1.4. We will use Machine Learning (NaiveBayes classifier) to classify positive/negative reviews.

1.5. We will interpret this classification in terms of positive/negative terms.

We recommend you to work from a notebook using our previous instructions.

## 1.1. Load an Amazon Reviews json file

First, we will work on a local json datafile which contains a limited subset of the [Amazon Reviews](http://jmcauley.ucsd.edu/data/amazon/).

1\. Use [`spark.read.json()`](http://spark.apache.org/docs/latest/api/python/pyspark.sql.html#pyspark.sql.DataFrameReader.json) to create a dataframe that would contain the content of the file `'data/reviews_Musical_Instruments_5.json.gz'`.

Check the structure of that dataframe, and the column detected in the json content, by using `.printSchema()`. It should read like :

```
root
 |-- asin: string (nullable = true)
 |-- helpful: array (nullable = true)
 |    |-- element: long (containsNull = true)
 |-- overall: double (nullable = true)
 |-- reviewText: string (nullable = true)
 |-- reviewTime: string (nullable = true)
 |-- reviewerID: string (nullable = true)
 |-- reviewerName: string (nullable = true)
 |-- summary: string (nullable = true)
 |-- unixReviewTime: long (nullable = true)
 ```

In [2]:
df_reviews = spark.read.json('data/reviews_Musical_Instruments_5.json.gz')

df_reviews.printSchema()

print(df_reviews.count())

AnalysisException: 'Path does not exist: file:/Users/ryanholway/Documents/galvanize/dsi-solns-g80/spark-ml/data/reviews_Musical_Instruments_5.json.gz;'

2\. From now on, we will keep only the columns `reviewText` and `overall`. Use `.select()` on the dataframe to keep those two only.

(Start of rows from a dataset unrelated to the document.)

(* Let $C$ be the set of numbers $\sum_{n\ge1}c_n10^{-n}$ with all $c_n\in\{0,1\}$, and $D$ the set of numbers $\sum_{n\ge1}d_n10^{-n}$ with all $d_n\in\{0,2\}$. Then there is no set $E\subset C$ of positive Hausdorff dimension together with $a\in\mathbb{R}$ such that $E+a\subset D$. *)

theory Defs
  imports "HOL-Analysis.Analysis"
begin

definition hausdorff_pre :: "real \<Rightarrow> real \<Rightarrow> 'a::metric_space set \<Rightarrow> ennreal" where
  "hausdorff_pre s \<delta> E =
     (INF U \<in> {U :: nat \<Rightarrow> 'a set. E \<subseteq> (\<Union>i. U i) \<and> (\<forall>i. bounded (U i) \<and> diameter (U i) \<le> \<delta>)}.
        (\<Sum>i. ennreal (diameter (U i) powr s)))"

definition hausdorff_measure :: "real \<Rightarrow> 'a::metric_space set \<Rightarrow> ennreal" where
  "hausdorff_measure s E = (SUP \<delta> \<in> {0<..}. hausdorff_pre s \<delta> E)"

text \<open>Hausdorff dimension: inf of the s > 0 with H^s(E) = 0 (infimum of empty set is infinity).\<close>
definition hausdorff_dim :: "'a::metric_space set \<Rightarrow> ereal" where
  "hausdorff_dim E = Inf {ereal s | s. s > 0 \<and> hausdorff_measure s E = 0}"

definition digitsC :: "real set" where
  "digitsC = {x. \<exists>c :: nat \<Rightarrow> nat. (\<forall>n. c n \<in> {0,1}) \<and> x = (\<Sum>n. real (c n) / 10 ^ Suc n)}"

definition digitsD :: "real set" where
  "digitsD = {x. \<exists>d :: nat \<Rightarrow> nat. (\<forall>n. d n \<in> {0,2}) \<and> x = (\<Sum>n. real (d n) / 10 ^ Suc n)}"

end

theory Submission
  imports Defs
begin

(* Write  decimal_value e = \<Sum>n. e n / 10^(n+1)  for the value of a bounded
   real digit sequence e.  It is linear in e and bounded by B/9 when |e n| \<le> B, so an
   integer digit sequence with |e n| \<le> B < 9 whose value is 0 vanishes identically
   (peel off the leading digit: |e 0| = |decimal_value (tail e)| \<le> B/9 < 1).
   If x, y \<in> C and x + a, y + a \<in> D with digits c, c' and d, d', then the integer sequence
   (d - d') - (c - c') has value (x - y) - (x - y) = 0 and digits bounded by 3, hence it
   vanishes; as c - c' takes values in {-1,0,1} and d - d' in {-2,0,2}, both vanish and
   x = y.  So a set E \<subseteq> C with E + a \<subseteq> D has at most one point, and a set with at most
   one point has s-dimensional Hausdorff measure 0 for every s > 0 (it is covered by
   itself, of diameter 0), hence Hausdorff dimension 0. *)

definition decimal_value :: "(nat \<Rightarrow> real) \<Rightarrow> real" where
  "decimal_value e = (\<Sum>n. e n / 10 ^ Suc n)"

lemma summable_decimal_abs:
  fixes e :: "nat \<Rightarrow> real"
  assumes "\<And>n. \<bar>e n\<bar> \<le> B"
  shows "summable (\<lambda>n. \<bar>e n / 10 ^ Suc n\<bar>)"
proof (rule summable_comparison_test')
  show "summable (\<lambda>n. B / 10 * (1/10) ^ n)"
    by (intro summable_mult summable_geometric) simp
  show "norm \<bar>e n / 10 ^ Suc n\<bar> \<le> B / 10 * (1/10) ^ n" for n
    using assms[of n] by (simp add: abs_divide power_divide divide_right_mono)
qed

lemma summable_decimal:
  fixes e :: "nat \<Rightarrow> real"
  assumes "\<And>n. \<bar>e n\<bar> \<le> B"
  shows "summable (\<lambda>n. e n / 10 ^ Suc n)"
  using summable_rabs_cancel[OF summable_decimal_abs[OF assms]] .

lemma decimal_value_abs_le:
  fixes e :: "nat \<Rightarrow> real"
  assumes bound: "\<And>n. \<bar>e n\<bar> \<le> B"
  shows "\<bar>decimal_value e\<bar> \<le> B / 9"
proof -
  have geom: "(\<lambda>n. B / 10 * (1/10) ^ n) sums (B / 10 * (1 / (1 - 1/10)))"
    by (intro sums_mult geometric_sums) simp
  have "\<bar>decimal_value e\<bar> \<le> (\<Sum>n. \<bar>e n / 10 ^ Suc n\<bar>)"
    unfolding decimal_value_def by (rule summable_rabs[OF summable_decimal_abs[OF bound]])
  also have "\<dots> \<le> (\<Sum>n. B / 10 * (1/10) ^ n)"
    using bound by (intro suminf_le summable_decimal_abs[OF bound] sums_summable[OF geom])
      (simp add: abs_divide power_divide divide_right_mono)
  also have "\<dots> = B / 9"
    using sums_unique[OF geom] by simp
  finally show ?thesis .
qed

lemma decimal_value_Suc:
  fixes e :: "nat \<Rightarrow> real"
  assumes "\<And>n. \<bar>e n\<bar> \<le> B"
  shows "decimal_value e = e 0 / 10 + decimal_value (\<lambda>n. e (Suc n)) / 10"
proof -
  have "decimal_value (\<lambda>n. e (Suc n)) / 10 = (\<Sum>n. e (Suc n) / 10 ^ Suc (Suc n))"
    unfolding decimal_value_def
    by (subst suminf_divide[symmetric]) (use summable_decimal[of "\<lambda>n. e (Suc n)" B] assms in simp_all)
  also have "\<dots> = decimal_value e - e 0 / 10"
    unfolding decimal_value_def using suminf_split_head[OF summable_decimal[OF assms]] by simp
  finally show ?thesis by (simp add: field_simps)
qed

lemma decimal_value_diff:
  fixes e f :: "nat \<Rightarrow> real"
  assumes "\<And>n. \<bar>e n\<bar> \<le> B" and "\<And>n. \<bar>f n\<bar> \<le> B'"
  shows "decimal_value (\<lambda>n. e n - f n) = decimal_value e - decimal_value f"
  unfolding decimal_value_def diff_divide_distrib
  by (rule suminf_diff[symmetric, OF summable_decimal summable_decimal]) (fact assms)+

text \<open>If an integer digit sequence with digits of absolute value below 9 has value 0,
  its leading digit is 0 (it equals minus the value of the tail, which is at most 8/9),
  and hence its tail also has value 0.\<close>
lemma decimal_value_eq_0_leading_digit:
  fixes e :: "nat \<Rightarrow> real"
  assumes ints: "\<And>n. e n \<in> \<int>" and bound: "\<And>n. \<bar>e n\<bar> \<le> B" and "B < 9"
    and value_0: "decimal_value e = 0"
  shows "e 0 = 0" and "decimal_value (\<lambda>n. e (Suc n)) = 0"
proof -
  have tail: "e 0 = - decimal_value (\<lambda>n. e (Suc n))"
    using decimal_value_Suc[of e B] bound value_0 by simp
  have "\<bar>decimal_value (\<lambda>n. e (Suc n))\<bar> \<le> B / 9"
    using bound by (intro decimal_value_abs_le) simp
  also have "\<dots> < 1" using \<open>B < 9\<close> by simp
  finally have "\<bar>e 0\<bar> < 1" using tail by simp
  thus "e 0 = 0" using ints[of 0] by (intro Ints_nonzero_abs_less1)
  thus "decimal_value (\<lambda>n. e (Suc n)) = 0" using tail by simp
qed

lemma decimal_value_eq_0_imp_digits_0:
  fixes e :: "nat \<Rightarrow> real"
  assumes "\<And>n. e n \<in> \<int>" and "\<And>n. \<bar>e n\<bar> \<le> B" and "B < 9" and "decimal_value e = 0"
  shows "e n = 0"
  using assms(1,2,4)
proof (induction n arbitrary: e)
  case 0
  show ?case by (rule decimal_value_eq_0_leading_digit(1)[OF 0(1,2) \<open>B < 9\<close> 0(3)])
next
  case (Suc n)
  show ?case
    using Suc.IH[of "\<lambda>n. e (Suc n)"] Suc.prems
      decimal_value_eq_0_leading_digit(2)[OF Suc.prems(1,2) \<open>B < 9\<close> Suc.prems(3)]
    by simp
qed

lemma digitsC_iff: "x \<in> digitsC \<longleftrightarrow> (\<exists>c. (\<forall>n. c n \<in> {0,1}) \<and> x = decimal_value (\<lambda>n. real (c n)))"
  unfolding digitsC_def decimal_value_def by simp

lemma digitsD_iff: "x \<in> digitsD \<longleftrightarrow> (\<exists>d. (\<forall>n. d n \<in> {0,2}) \<and> x = decimal_value (\<lambda>n. real (d n)))"
  unfolding digitsD_def decimal_value_def by simp

lemma digitsC_translate_digitsD_unique:
  assumes "x \<in> digitsC" "y \<in> digitsC" "x + a \<in> digitsD" "y + a \<in> digitsD"
  shows "x = y"
proof -
  obtain c c' where
    c: "\<forall>n. c n \<in> {0,1}" "x = decimal_value (\<lambda>n. real (c n))" and
    c': "\<forall>n. c' n \<in> {0,1}" "y = decimal_value (\<lambda>n. real (c' n))"
    using assms(1,2) unfolding digitsC_iff by blast
  obtain d d' where
    d: "\<forall>n. d n \<in> {0,2}" "x + a = decimal_value (\<lambda>n. real (d n))" and
    d': "\<forall>n. d' n \<in> {0,2}" "y + a = decimal_value (\<lambda>n. real (d' n))"
    using assms(3,4) unfolding digitsD_iff by blast
  define \<Delta>c where "\<Delta>c = (\<lambda>n. real (c n) - real (c' n))"
  define \<Delta>d where "\<Delta>d = (\<lambda>n. real (d n) - real (d' n))"
  have digits: "c n = 0 \<or> c n = 1" "c' n = 0 \<or> c' n = 1" "d n = 0 \<or> d n = 2" "d' n = 0 \<or> d' n = 2"
    for n using c(1) c'(1) d(1) d'(1) by auto
  have \<Delta>c_vals: "\<Delta>c n \<in> {-1,0,1}" and \<Delta>d_vals: "\<Delta>d n \<in> {-2,0,2}" for n
    using digits[of n] unfolding \<Delta>c_def \<Delta>d_def by auto
  have bounds: "\<bar>real (c n)\<bar> \<le> 2" "\<bar>real (c' n)\<bar> \<le> 2" "\<bar>real (d n)\<bar> \<le> 2" "\<bar>real (d' n)\<bar> \<le> 2"
    for n using digits[of n] by auto
  have "decimal_value \<Delta>c = x - y"
    using decimal_value_diff[of "\<lambda>n. real (c n)" 2 "\<lambda>n. real (c' n)" 2] bounds c c'
    unfolding \<Delta>c_def by simp
  moreover have "decimal_value \<Delta>d = x - y"
    using decimal_value_diff[of "\<lambda>n. real (d n)" 2 "\<lambda>n. real (d' n)" 2] bounds d d'
    unfolding \<Delta>d_def by simp
  moreover have "\<bar>\<Delta>c n\<bar> \<le> 1" "\<bar>\<Delta>d n\<bar> \<le> 2" for n
    using \<Delta>c_vals[of n] \<Delta>d_vals[of n] by auto
  ultimately have value_0: "decimal_value (\<lambda>n. \<Delta>d n - \<Delta>c n) = 0"
    using decimal_value_diff[of \<Delta>d 2 \<Delta>c 1] by simp
  have ints: "\<Delta>d n - \<Delta>c n \<in> \<int>" and bound: "\<bar>\<Delta>d n - \<Delta>c n\<bar> \<le> 3" for n
    using \<Delta>c_vals[of n] \<Delta>d_vals[of n] by auto
  have "\<Delta>d n - \<Delta>c n = 0" for n
    by (rule decimal_value_eq_0_imp_digits_0[OF ints bound _ value_0]) simp
  hence "\<Delta>c n = 0" for n using \<Delta>c_vals[of n] \<Delta>d_vals[of n] by force
  hence "c = c'" unfolding \<Delta>c_def by auto
  thus "x = y" using c c' by simp
qed

lemma hausdorff_measure_subsingleton:
  fixes E :: "'a::metric_space set"
  assumes "\<And>x y. x \<in> E \<Longrightarrow> y \<in> E \<Longrightarrow> x = y" and "s > 0"
  shows "hausdorff_measure s E = 0"
proof -
  have "E = {} \<or> (\<exists>x. E = {x})" using assms(1) by blast
  hence bounded: "bounded E" and diam: "diameter E = 0" by auto
  have "hausdorff_pre s \<delta> E = 0" if "\<delta> > 0" for \<delta>
  proof -
    have "hausdorff_pre s \<delta> E \<le> (\<Sum>i::nat. ennreal (diameter E powr s))"
      unfolding hausdorff_pre_def by (rule INF_lower) (use bounded diam that in auto)
    thus ?thesis using diam by simp
  qed
  thus ?thesis unfolding hausdorff_measure_def by simp
qed

lemma hausdorff_dim_subsingleton:
  fixes E :: "'a::metric_space set"
  assumes "\<And>x y. x \<in> E \<Longrightarrow> y \<in> E \<Longrightarrow> x = y"
  shows "hausdorff_dim E \<le> 0"
proof (rule ereal_le_epsilon2)
  fix \<epsilon> :: real assume "\<epsilon> > 0"
  thus "hausdorff_dim E \<le> 0 + ereal \<epsilon>"
    unfolding hausdorff_dim_def
    by (auto intro!: Inf_lower hausdorff_measure_subsingleton[OF assms])
qed

theorem mainTheorem5:
  shows "\<not> (\<exists>(E :: real set) (a :: real). E \<subseteq> digitsC \<and> hausdorff_dim E > 0 \<and> (\<lambda>x. x + a) ` E \<subseteq> digitsD)"
proof
  assume "\<exists>(E :: real set) (a :: real). E \<subseteq> digitsC \<and> hausdorff_dim E > 0 \<and> (\<lambda>x. x + a) ` E \<subseteq> digitsD"
  then obtain E a where EC: "E \<subseteq> digitsC" and pos: "hausdorff_dim E > 0"
    and ED: "(\<lambda>x. x + a) ` E \<subseteq> digitsD" by blast
  have "x = y" if "x \<in> E" "y \<in> E" for x y
    using that EC ED by (intro digitsC_translate_digitsD_unique[of x y a]) auto
  hence "hausdorff_dim E \<le> 0" by (rule hausdorff_dim_subsingleton)
  with pos show False by simp
qed

end
(* Let $G$ be a graph that has a min-max clique covering with simple intersection, and suppose its compressed cliques graph $\mathcal{C}(G)$ has no induced cycles other than $K_3$ (i.e., no induced cycles of length at least $4$). Then $Z_+(G)=|V(G)|-\operatorname{cc}(G)$.
   Context: A clique covering of a graph is a set of cliques such that every edge lies in at least one of them; $\operatorname{cc}(G)$ is its minimum size. A min-max clique covering is a clique covering of size $\operatorname{cc}(G)$ consisting of maximal cliques; it has simple intersection if no three distinct cliques of it share a vertex. Given such a covering $\{C_1,\dots,C_\ell\}$, put $C_{i,j}=C_i\cap C_j$ ($i\ne j$) and $C_{i,i}=C_i\setminus\bigcup_{j\ne i}C_j$; the compressed cliques graph $\mathcal{C}(G)$ has a vertex $v_{i,j}$ for each non-empty $C_{i,j}$ (including $i=j$), with $v_{i,j}\sim v_{i',j'}$ iff $\{i,j\}\cap\{i',j'\}\ne\emptyset$. $Z_+(G)$ is the positive zero forcing number: the minimum size of a set $B$ of initially black vertices such that repeated application of the rule "let $W_1,\dots,W_k$ be the vertex sets of components of $G$ minus the black vertices; a black vertex $u$ whose only white neighbour in the subgraph induced by $W_i\cup(\text{black vertices})$ is $w$ may turn $w$ black" eventually makes all vertices black. *)

theory Defs
  imports Main
begin

definition graph :: "'a set \<Rightarrow> ('a \<Rightarrow> 'a \<Rightarrow> bool) \<Rightarrow> bool" where
  "graph V E \<longleftrightarrow> finite V \<and> (\<forall>x y. E x y \<longrightarrow> E y x) \<and> (\<forall>x. \<not> E x x)
     \<and> (\<forall>x y. E x y \<longrightarrow> x \<in> V \<and> y \<in> V)"
lemma Re_lam_gt_quarter:
  assumes "0 < x0" "w x0 \<noteq> 0"
  shows "1/4 < Re lam"
proof (rule ccontr)
  assume "\<not> 1/4 < Re lam"
  then have P_gt: "Re lam < P x" if "0 < x" for x using P_gt_quarter[OF that] by simp
  show False
  proof (rule no_decreasing_minorant[OF assms(1), where \<phi> = "\<lambda>x. - Re (h x)"
        and \<phi>' = "\<lambda>x. - ((cmod (w' x))\<^sup>2 + (P x - Re lam) * f x)"])
    fix x :: real assume "0 < x"
    show "((\<lambda>x. - Re (h x)) has_real_derivative - ((cmod (w' x))\<^sup>2 + (P x - Re lam) * f x)) (at x)"
      by (rule DERIV_minus[OF Re_h_deriv[OF \<open>0 < x\<close>]])
    have "0 \<le> (P x - Re lam) * f x"
      using P_gt[OF \<open>0 < x\<close>] f_nonneg[of x] by simp
    then show "- ((cmod (w' x))\<^sup>2 + (P x - Re lam) * f x) \<le> 0"
      using zero_le_power2[of "cmod (w' x)"] by linarith
    show "\<bar>- Re (h x)\<bar> \<le> cmod (h x)" by (simp add: abs_Re_le_cmod)
  next
    have "0 < (P x0 - Re lam) * f x0"
      using P_gt[OF assms(1)] f_pos[OF assms(2)] by simp
    then show "- ((cmod (w' x0))\<^sup>2 + (P x0 - Re lam) * f x0) < 0"
      using zero_le_power2[of "cmod (w' x0)"] by linarith
  qed
qed

definition energy :: "real \<Rightarrow> real" where
  "energy t = (Re lam - 1/4) * f t + (cmod (w' t))\<^sup>2"

text \<open>The Gronwall exponent: \<open>|energy'| \<le> - \<theta>' * energy\<close> for real \<open>\<lambda> > 1/4\<close>.\<close>

definition \<theta> :: "real \<Rightarrow> real" where
  "\<theta> t = 3 / (4 * sqrt (Re lam - 1/4)) * (cosh t / sinh t)"

lemma norm_w'_sq_deriv:
  assumes "Im lam = 0" "0 < t"
  shows "((\<lambda>t. (cmod (w' t))\<^sup>2) has_real_derivative 2 * (P t - Re lam) * Re (h t)) (at t)"
proof -
  have "((\<lambda>t. cnj (w' t) * w' t) has_vector_derivative cnj (w' t) * w'' t + cnj (w'' t) * w' t) (at t)"
    by (rule derivative_eq_intros w'_deriv assms refl)+
  from has_field_derivative_Re[OF this]
  have "((\<lambda>t. Re (cnj (w' t) * w' t)) has_real_derivative
      Re (cnj (w' t) * w'' t + cnj (w'' t) * w' t)) (at t)" .
  moreover have "(\<lambda>t. Re (cnj (w' t) * w' t)) = (\<lambda>t. (cmod (w' t))\<^sup>2)"
    by (simp add: fun_eq_iff cnj_mult_self)
  moreover have "lam = of_real (Re lam)"
    using assms(1) by (simp add: complex_eq_iff)
  then have "Re (cnj (w' t) * w'' t + cnj (w'' t) * w' t) = 2 * (P t - Re lam) * Re (h t)"
    unfolding w''_eq[OF assms(2)] h_def by (subst (1 2) \<open>lam = _\<close>) (simp add: algebra_simps assms(1))
  ultimately show ?thesis by simp
qed
definition H_phi :: "(real \<Rightarrow> ereal) \<Rightarrow> bool" where
  "H_phi \<phi> \<longleftrightarrow> (\<forall>s. \<phi> s \<noteq> -\<infinity>) \<and> continuous_on UNIV \<phi> \<and> (\<forall>s. s \<noteq> 0 \<longrightarrow> \<phi> s < \<infinity>)"

end

theory Submission
  imports Defs
begin

text \<open>Suppose \<open>u\<close> were a weak solution and let \<open>v\<close> be its weak derivative. By the
  du Bois-Reymond lemma the weak equation says \<open>a v = \<phi>(u) + g + c\<close> a.e. for a constant \<open>c\<close>.
  Since \<open>\<phi>(s) \<rightarrow> +\<infinity>\<close> as \<open>s \<rightarrow> 0\<close>, \<open>g \<ge> -M\<close> and \<open>a > 0\<close>, this forces \<open>v \<ge> 0\<close>
  wherever \<open>|u|\<close> is small. The continuous representative \<open>w\<close> of \<open>u\<close> satisfies
  \<open>w(y) - w(x) = \<integral>\<^sub>x\<^sup>y v\<close>, so it is nondecreasing on every interval on which it stays close
  to 0. Vanishing at both endpoints, \<open>w\<close> can then neither rise above nor fall below 0,
  so \<open>u = 0\<close> a.e., contradicting \<open>\<phi>(u) < +\<infinity>\<close> a.e. and \<open>\<phi>(0) = +\<infinity>\<close>.\<close>

section \<open>Smooth functions\<close>

fun times_differentiable :: "nat \<Rightarrow> (real \<Rightarrow> real) \<Rightarrow> bool" where
  "times_differentiable 0 f \<longleftrightarrow> True"
| "times_differentiable (Suc n) f \<longleftrightarrow> (\<forall>x. f differentiable (at x)) \<and> times_differentiable n (deriv f)"

definition smooth :: "(real \<Rightarrow> real) \<Rightarrow> bool" where
  "smooth f \<longleftrightarrow> (\<forall>n. times_differentiable n f)"

lemma times_differentiable_iff:
  "times_differentiable n f \<longleftrightarrow> (\<forall>m<n. \<forall>x. (deriv ^^ m) f differentiable (at x))"
proof (induction n arbitrary: f)
  case (Suc n)
  have "(\<forall>m<Suc n. \<forall>x. (deriv ^^ m) f differentiable (at x)) \<longleftrightarrow>
        (\<forall>x. f differentiable (at x)) \<and> (\<forall>m<n. \<forall>x. (deriv ^^ m) (deriv f) differentiable (at x))"
    by (auto simp: less_Suc_eq_0_disj funpow_Suc_right simp del: funpow.simps)
  then show ?case using Suc.IH by simp
qed simp

lemma test_fun_iff:
  "test_fun L \<psi> \<longleftrightarrow> smooth \<psi> \<and> (\<exists>\<delta>>0. \<forall>x. \<psi> x \<noteq> 0 \<longrightarrow> x \<in> {\<delta>..L-\<delta>})"
  unfolding test_fun_def smooth_def times_differentiable_iff by blast

lemma times_differentiable_Suc_DERIV:
  "times_differentiable (Suc n) f \<Longrightarrow> (f has_real_derivative deriv f x) (at x)"
  using DERIV_deriv_iff_real_differentiable by auto

lemma times_differentiable_Suc_imp:
  "times_differentiable (Suc n) f \<Longrightarrow> times_differentiable n f"
  by (induction n arbitrary: f) auto

lemma deriv_eqI: "(\<And>x. (f has_real_derivative f' x) (at x)) \<Longrightarrow> deriv f = f'"
  by (rule ext) (rule DERIV_imp_deriv)

lemma times_differentiable_add:
  "times_differentiable n f \<Longrightarrow> times_differentiable n g \<Longrightarrow> times_differentiable n (\<lambda>x. f x + g x)"
proof (induction n arbitrary: f g)
  case (Suc n)
  have "deriv (\<lambda>x. f x + g x) = (\<lambda>x. deriv f x + deriv g x)"
    using Suc.prems by (intro deriv_eqI DERIV_add times_differentiable_Suc_DERIV)
  then show ?case using Suc by auto
qed simp

lemma times_differentiable_cmult:
  "times_differentiable n f \<Longrightarrow> times_differentiable n (\<lambda>x. c * f x)"
proof (induction n arbitrary: f)
  case (Suc n)
  have "deriv (\<lambda>x. c * f x) = (\<lambda>x. c * deriv f x)"
    using Suc.prems by (intro deriv_eqI DERIV_cmult times_differentiable_Suc_DERIV)
  then show ?case using Suc by auto
qed simp

lemma times_differentiable_mult:
  "times_differentiable n f \<Longrightarrow> times_differentiable n g \<Longrightarrow> times_differentiable n (\<lambda>x. f x * g x)"
proof (induction n arbitrary: f g)
  case (Suc n)
  have "deriv (\<lambda>x. f x * g x) = (\<lambda>x. deriv f x * g x + f x * deriv g x)"
    by (rule deriv_eqI, rule DERIV_cong[OF DERIV_mult])
       (use Suc.prems times_differentiable_Suc_DERIV in \<open>auto simp: algebra_simps\<close>)
  moreover have "times_differentiable n f" "times_differentiable n g"
    using Suc.prems times_differentiable_Suc_imp by blast+
  then have "times_differentiable n (\<lambda>x. deriv f x * g x + f x * deriv g x)"
    using Suc by (intro times_differentiable_add Suc.IH) auto
  ultimately show ?case using Suc.prems by auto
qed simp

You can check your transformation using `.printSchema()` again.

In [3]:
df_corpus = df_reviews.select('reviewText', 'overall')

df_corpus.printSchema()

root
 |-- reviewText: string (nullable = true)
 |-- overall: double (nullable = true)



## 1.2. Create a `label` for classification and a balanced dataset

This dataset is made of user reviews and ratings:

* the `reviewText` column (string) contains the raw text of the review.
* the `overall` column (double) contains the rating given by the user, in `{1.0, 2.0, 3.0, 4.0, 5.0}`

1\. Using [`.groupBy()`](http://spark.apache.org/docs/latest/api/python/pyspark.sql.html#pyspark.sql.DataFrame.groupBy) and [`.agg()`](http://spark.apache.org/docs/latest/api/python/pyspark.sql.html#pyspark.sql.GroupedData.agg), count the number of reviews in each rating value.

In [4]:
from pyspark.sql.functions import count

res_test = df_corpus.groupBy("overall").agg(count("overall"))
#res_test.printSchema()

classes_count = dict(res_test.collect())
print("class representation: {}".format(classes_count))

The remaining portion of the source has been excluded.